Venture capital firm DFJ — which has backed the likes of Tesla and SpaceX — led the round, with one of its then-partners calling the nascent company’s work an “enormous technological shift”.

The cutting-edge product the startup was trying to develop? Meat — the food whose more than $200-billion in US sales has come to be the defining element of the Western diet. But what made this company’s work so revolutionary was not what it was trying to make so much as how it was attempting to do it. Memphis Meats, the brainchild that had the startup-investor class salivating, was aiming to remove animals from the process of meat production altogether.

It’s the type of world-saving vision that has oft captured the imagination of Silicon Valley — the kind of entrenched problem that technologists believe only technology can solve: feeding a fast-growing, protein-hungry global population in a way that doesn’t blow up the planet.

Conjuring up meat without livestock — whose emissions are responsible for 14.5% of global greenhouse gases — is core to that effort.

Just listen to how the progenitor of Googleyness itself describes the prospect of animal-free meat: “It has the capability to transform how we view our world,” Google co-founder Sergey Brin has said. “I like to look at technology opportunities where the technology seems like it’s on the cusp of viability, and if it succeeds there, it can be really transformative.”

Indeed, in the eyes of many Silicon Valley engineers, meatmaking is a process that’s so inefficient it’s ripe for disruption. Animals, it seems, are lousy tools for converting matter into muscle tissue.

Cows require a whopping 26 pounds of feed for every one pound of edible meat produced. In a culture obsessed with high performance, that is maddeningly wasteful.

So why not take them out of the equation? That’s precisely what Memphis Meats and a cohort of other startups are trying to do. Memphis represents one possible path called cellular agriculture, in which scientists are trying to grow what has become known as “cultured” or “clean” meat from animal cells.

Others are trying to make plants taste like meat.
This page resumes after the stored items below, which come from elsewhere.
lemma heffter_block_circulant_row:
  assumes "1 \<le> T" "2*T < m" "i < 2*m"
  defines "A \<equiv> block_circulant 2 m (heffter_block m T)"
  shows "card {j. j < 2*m \<and> A i j \<noteq> None} = 4*T + 1"
    and "(\<Sum>j\<in>{j. j < 2*m \<and> A i j \<noteq> None}. the (A i j)) mod (2 * int (2*m) * int (4*T + 1) + 1) = 0"
proof -
  let ?B = "heffter_block m T (i div 2)" and ?r = "i mod 2"
  have "card {j. j < 2*m \<and> A i j \<noteq> None} = (\<Sum>j<2*m. if A i j \<noteq> None then 1 else 0)"
    by (rule card_filter_lessThan)
  also have "\<dots> = (\<Sum>d<m. \<Sum>c<2. if ?B d ?r c \<noteq> None then 1 else 0)"
    using sum_block_circulant_row[OF assms(3), of "\<lambda>v. if v \<noteq> None then 1 else 0"] by (simp add: A_def)
  also have "\<dots> = 4*T + 1"
    using assms(1,2) by (intro sum_heffter_block_support[where a = ?r]) (auto simp: heffter_block_eq_None_iff)
  finally show "card {j. j < 2*m \<and> A i j \<noteq> None} = 4*T + 1" .
  have "(\<Sum>j\<in>{j. j < 2*m \<and> A i j \<noteq> None}. the (A i j))
      = (\<Sum>d<m. \<Sum>c<2. if ?B d ?r c \<noteq> None then the (?B d ?r c) else 0)"
    using sum_block_circulant_row[OF assms(3), of "\<lambda>v. if v \<noteq> None then the v else 0"]
    by (simp add: A_def sum_filter_lessThan)
  also have "\<dots> = (if ?r = 0 then - (2 * int (2*m*(4*T+1)) + 1) else 0)"
    using assms(1,2) by (intro heffter_block_row_sum) simp_all
  finally show "(\<Sum>j\<in>{j. j < 2*m \<and> A i j \<noteq> None}. the (A i j)) mod (2 * int (2*m) * int (4*T + 1) + 1) = 0"
    by (simp only: of_nat_mult mult.assoc if_neg_mod_self)
qed

lemma heffter_block_circulant_col:
  assumes "1 \<le> T" "2*T < m" "j < 2*m"
  defines "A \<equiv> block_circulant 2 m (heffter_block m T)"
  shows "card {i. i < 2*m \<and> A i j \<noteq> None} = 4*T + 1"
    and "(\<Sum>i\<in>{i. i < 2*m \<and> A i j \<noteq> None}. the (A i j)) mod (2 * int (2*m) * int (4*T + 1) + 1) = 0"
proof -
  let ?B = "\<lambda>d. heffter_block m T ((j div 2 + m - d) mod m) d" and ?c = "j mod 2"
  have "card {i. i < 2*m \<and> A i j \<noteq> None} = (\<Sum>i<2*m. if A i j \<noteq> None then 1 else 0)"
    by (rule card_filter_lessThan)
  also have "\<dots> = (\<Sum>d<m. \<Sum>r<2. if ?B d r ?c \<noteq> None then 1 else 0)"
    using sum_block_circulant_col[OF assms(3), of "\<lambda>v. if v \<noteq> None then 1 else 0"] by (simp add: A_def)
  also have "\<dots> = 4*T + 1"
    using assms(1,2) by (intro sum_heffter_block_support[where a = ?c]) (auto simp: heffter_block_eq_None_iff)
  finally show "card {i. i < 2*m \<and> A i j \<noteq> None} = 4*T + 1" .
  have "(\<Sum>i\<in>{i. i < 2*m \<and> A i j \<noteq> None}. the (A i j))
      = (\<Sum>d<m. \<Sum>r<2. if ?B d r ?c \<noteq> None then the (?B d r ?c) else 0)"
    using sum_block_circulant_col[OF assms(3), of "\<lambda>v. if v \<noteq> None then the v else 0"]
    by (simp add: A_def sum_filter_lessThan)
  also have "\<dots> = (if ?c = 0 then - (2 * int (2*m*(4*T+1)) + 1) else 0)"
    using assms(1-3) by (intro heffter_block_col_sum) simp_all
  finally show "(\<Sum>i\<in>{i. i < 2*m \<and> A i j \<noteq> None}. the (A i j)) mod (2 * int (2*m) * int (4*T + 1) + 1) = 0"
    by (simp only: of_nat_mult mult.assoc if_neg_mod_self)
qed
The goal here is not to create your vegan cousin’s Boca Burger of yore, but instead a veggie patty that a hard-core carnivore wouldn’t be ashamed to bring to a neighbourhood barbecue. (In principle, anyway.)

Companies in this camp include Beyond Meat and its rival Impossible Foods — which has raised an eye-popping $275-million from the likes of Gates and Khosla Ventures.

These more convincing plant burgers can already be found in the meat aisle of mainstream grocery stores like Kroger and are on the menus of restaurants ranging from famed chef David Chang’s Momofuku Nishi to TGI Fridays starting in January.

Both cellular ag and plant-based meat companies have the same goal — but their paths to get there couldn’t be more different.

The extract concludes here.